### Your assignment:
Please give back an exact reproduction of the lines from the one with "(\<forall>t\<in>carrier T. mm" through the end of the entries below, and no others.
%%
(* Let $T$ be a finite group and $G=T\wr\mathfrak{S}_\infty$. Let $V,W$ be finite-dimensional complex Hilbert spaces, let $\pi$ be a unitary representation of $T$ on $W\otimes V$, and let $R\in End(V\otimes V)$ be an involutive $R$-matrix. Then $(\pi,R)$ is a Yang-Baxter couple if and only if $R$ satisfies the Yang-Baxter equation and $(\pi,R)$ satisfies the extended reflection equation $$\forall t,t'\in T,\qquad R_1\pi(t)R_1\pi(t')=\pi(t')R_1\pi(t)R_1 .$$
   Context: $\mathfrak{S}_\infty$ is the group of finitary permutations of $\mathbb{N}=\{1,2,\dots\}$, generated by $\sigma_i=(i\ i{+}1)$, $i\ge1$. $G=T\wr\mathfrak{S}_\infty=\left(\bigcup_n T^n\right)\rtimes\mathfrak{S}_\infty$, where $\bigcup_nT^n$ is the group of sequences $d=(t_i)_{i\ge1}$ in $T$ with $t_i=e_T$ for all but finitely many $i$ (coordinatewise product), and $\mathfrak{S}_\infty$ acts by permuting coordinates. Elements are written $g=(d,\sigma)$. An involutive $R$-matrix is $R\in End(V\otimes V)$ with $R^2=1\otimes1$ and $(R\otimes1)(1\otimes R)(R\otimes1)=(1\otimes R)(R\otimes1)(1\otimes R)$ in $End(V^{\otimes3})$. Consider the algebra $End(W)\otimes End(V)^{\otimes\infty}$ acting on $W\otimes V\otimes V\otimes\cdots$; $R_i$ denotes $R$ acting on the $i$-th and $(i{+}1)$-th copies of $V$ (identity elsewhere, including on $W$), so $R_1=1\otimes R$; $\pi(s)$ denotes $\pi(s)$ acting on $W\otimes$(first copy of $V$), tensored with the identity on the other factors. For $g=(d,\sigma)\in G$ put $\rho_{\pi,R}(g):=\rho_{\pi,R}((d,\mathrm{id}))\,\rho_{\pi,R}((1,\sigma))$, where $\rho_{\pi,R}((1,\sigma))$ is the Yang-Baxter representation of $\mathfrak{S}_\infty$ determined by $\sigma_i\mapsto R_i$, and for $d=(t_i)_i$, $$\rho_{\pi,R}((d,\mathrm{id})):=\pi(t_1)\,\big(R_1\pi(t_2)R_1\big)\cdots\big(R_{n-1}\cdots R_1\pi(t_n)R_1\cdots R_{n-1}\big)\cdots.$$ $(\pi,R)$ is called a Yang-Baxter couple if $g\mapsto\rho_{\pi,R}(g)$ defines a group representation of $G$ on $W\otimes V^{\otimes\infty}$. *)

theory Defs
  imports Complex_Main "HOL-Algebra.Group" "HOL-Combinatorics.Permutations"
begin

(* Matrices on a finite-dimensional complex Hilbert space, written in an
   orthonormal basis indexed by a finite type 'i.                       *)

definition mm :: "('i::finite \<Rightarrow> 'i \<Rightarrow> complex) \<Rightarrow> ('i \<Rightarrow> 'i \<Rightarrow> complex) \<Rightarrow> 'i \<Rightarrow> 'i \<Rightarrow> complex" where
  "mm A B = (\<lambda>x y. \<Sum>z\<in>UNIV. A x z * B z y)"

definition mid :: "'i::finite \<Rightarrow> 'i \<Rightarrow> complex" where
  "mid = (\<lambda>x y. if x = y then 1 else 0)"

definition madj :: "('i::finite \<Rightarrow> 'i \<Rightarrow> complex) \<Rightarrow> 'i \<Rightarrow> 'i \<Rightarrow> complex" where
  "madj A = (\<lambda>x y. cnj (A y x))"

definition unitary_rep :: "('a, 'b) monoid_scheme \<Rightarrow> ('a \<Rightarrow> ('i::finite \<Rightarrow> 'i \<Rightarrow> complex)) \<Rightarrow> bool" where
  "unitary_rep T \<pi> \<longleftrightarrow>
     \<pi> \<one>\<^bsub>T\<^esub> = mid \<and>
     (\<forall>s\<in>carrier T. \<forall>t\<in>carrier T. \<pi> (s \<otimes>\<^bsub>T\<^esub> t) = mm (\<pi> s) (\<pi> t)) \<and>
     (\<forall>t\<in>carrier T. mm (madj (\<pi> t)) (\<pi> t) = mid)"

definition R12 :: "('v \<times> 'v \<Rightarrow> 'v \<times> 'v \<Rightarrow> complex) \<Rightarrow> 'v \<times> 'v \<times> 'v \<Rightarrow> 'v \<times> 'v \<times> 'v \<Rightarrow> complex" where
  "R12 R = (\<lambda>(a,b,c) (a',b',c'). if c = c' then R (a,b) (a',b') else 0)"

definition R23 :: "('v \<times> 'v \<Rightarrow> 'v \<times> 'v \<Rightarrow> complex) \<Rightarrow> 'v \<times> 'v \<times> 'v \<Rightarrow> 'v \<times> 'v \<times> 'v \<Rightarrow> complex" where
  "R23 R = (\<lambda>(a,b,c) (a',b',c'). if a = a' then R (b,c) (b',c') else 0)"

definition YBE :: "('v::finite \<times> 'v \<Rightarrow> 'v \<times> 'v \<Rightarrow> complex) \<Rightarrow> bool" where
  "YBE R \<longleftrightarrow> mm (R12 R) (mm (R23 R) (R12 R)) = mm (R23 R) (mm (R12 R) (R23 R))"

definition involutive_Rmatrix :: "('v::finite \<times> 'v \<Rightarrow> 'v \<times> 'v \<Rightarrow> complex) \<Rightarrow> bool" where
  "involutive_Rmatrix R \<longleftrightarrow> mm R R = mid \<and> YBE R"

(* Operators on W \<otimes> V^{\<otimes> n}: basis vectors indexed by (a, xs) with
   a :: 'w and xs a list of length n; the k-th copy of V (k = 1..n) is
   list position k-1.  Operators are matrices, zero outside the basis.   *)

type_synonym ('w, 'v) st = "'w \<times> 'v list"
type_synonym ('w, 'v) lop = "('w, 'v) st \<Rightarrow> ('w, 'v) st \<Rightarrow> complex"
%%
### Solution below:
     (\<forall>t\<in>carrier T. mm (madj (\<pi> t)) (\<pi> t) = mid)"

definition R12 :: "('v \<times> 'v \<Rightarrow> 'v \<times> 'v \<Rightarrow> complex) \<Rightarrow> 'v \<times> 'v \<times> 'v \<Rightarrow> 'v \<times> 'v \<times> 'v \<Rightarrow> complex" where
  "R12 R = (\<lambda>(a,b,c) (a',b',c'). if c = c' then R (a,b) (a',b') else 0)"

definition R23 :: "('v \<times> 'v \<Rightarrow> 'v \<times> 'v \<Rightarrow> complex) \<Rightarrow> 'v \<times> 'v \<times> 'v \<Rightarrow> 'v \<times> 'v \<times> 'v \<Rightarrow> complex" where
  "R23 R = (\<lambda>(a,b,c) (a',b',c'). if a = a' then R (b,c) (b',c') else 0)"

definition YBE :: "('v::finite \<times> 'v \<Rightarrow> 'v \<times> 'v \<Rightarrow> complex) \<Rightarrow> bool" where
  "YBE R \<longleftrightarrow> mm (R12 R) (mm (R23 R) (R12 R)) = mm (R23 R) (mm (R12 R) (R23 R))"

definition involutive_Rmatrix :: "('v::finite \<times> 'v \<Rightarrow> 'v \<times> 'v \<Rightarrow> complex) \<Rightarrow> bool" where
  "involutive_Rmatrix R \<longleftrightarrow> mm R R = mid \<and> YBE R"

(* Operators on W \<otimes> V^{\<otimes> n}: basis vectors indexed by (a, xs) with
   a :: 'w and xs a list of length n; the k-th copy of V (k = 1..n) is
   list position k-1.  Operators are matrices, zero outside the basis.   *)

type_synonym ('w, 'v) st = "'w \<times> 'v list"
type_synonym ('w, 'v) lop = "('w, 'v) st \<Rightarrow> ('w, 'v) st \<Rightarrow> complex"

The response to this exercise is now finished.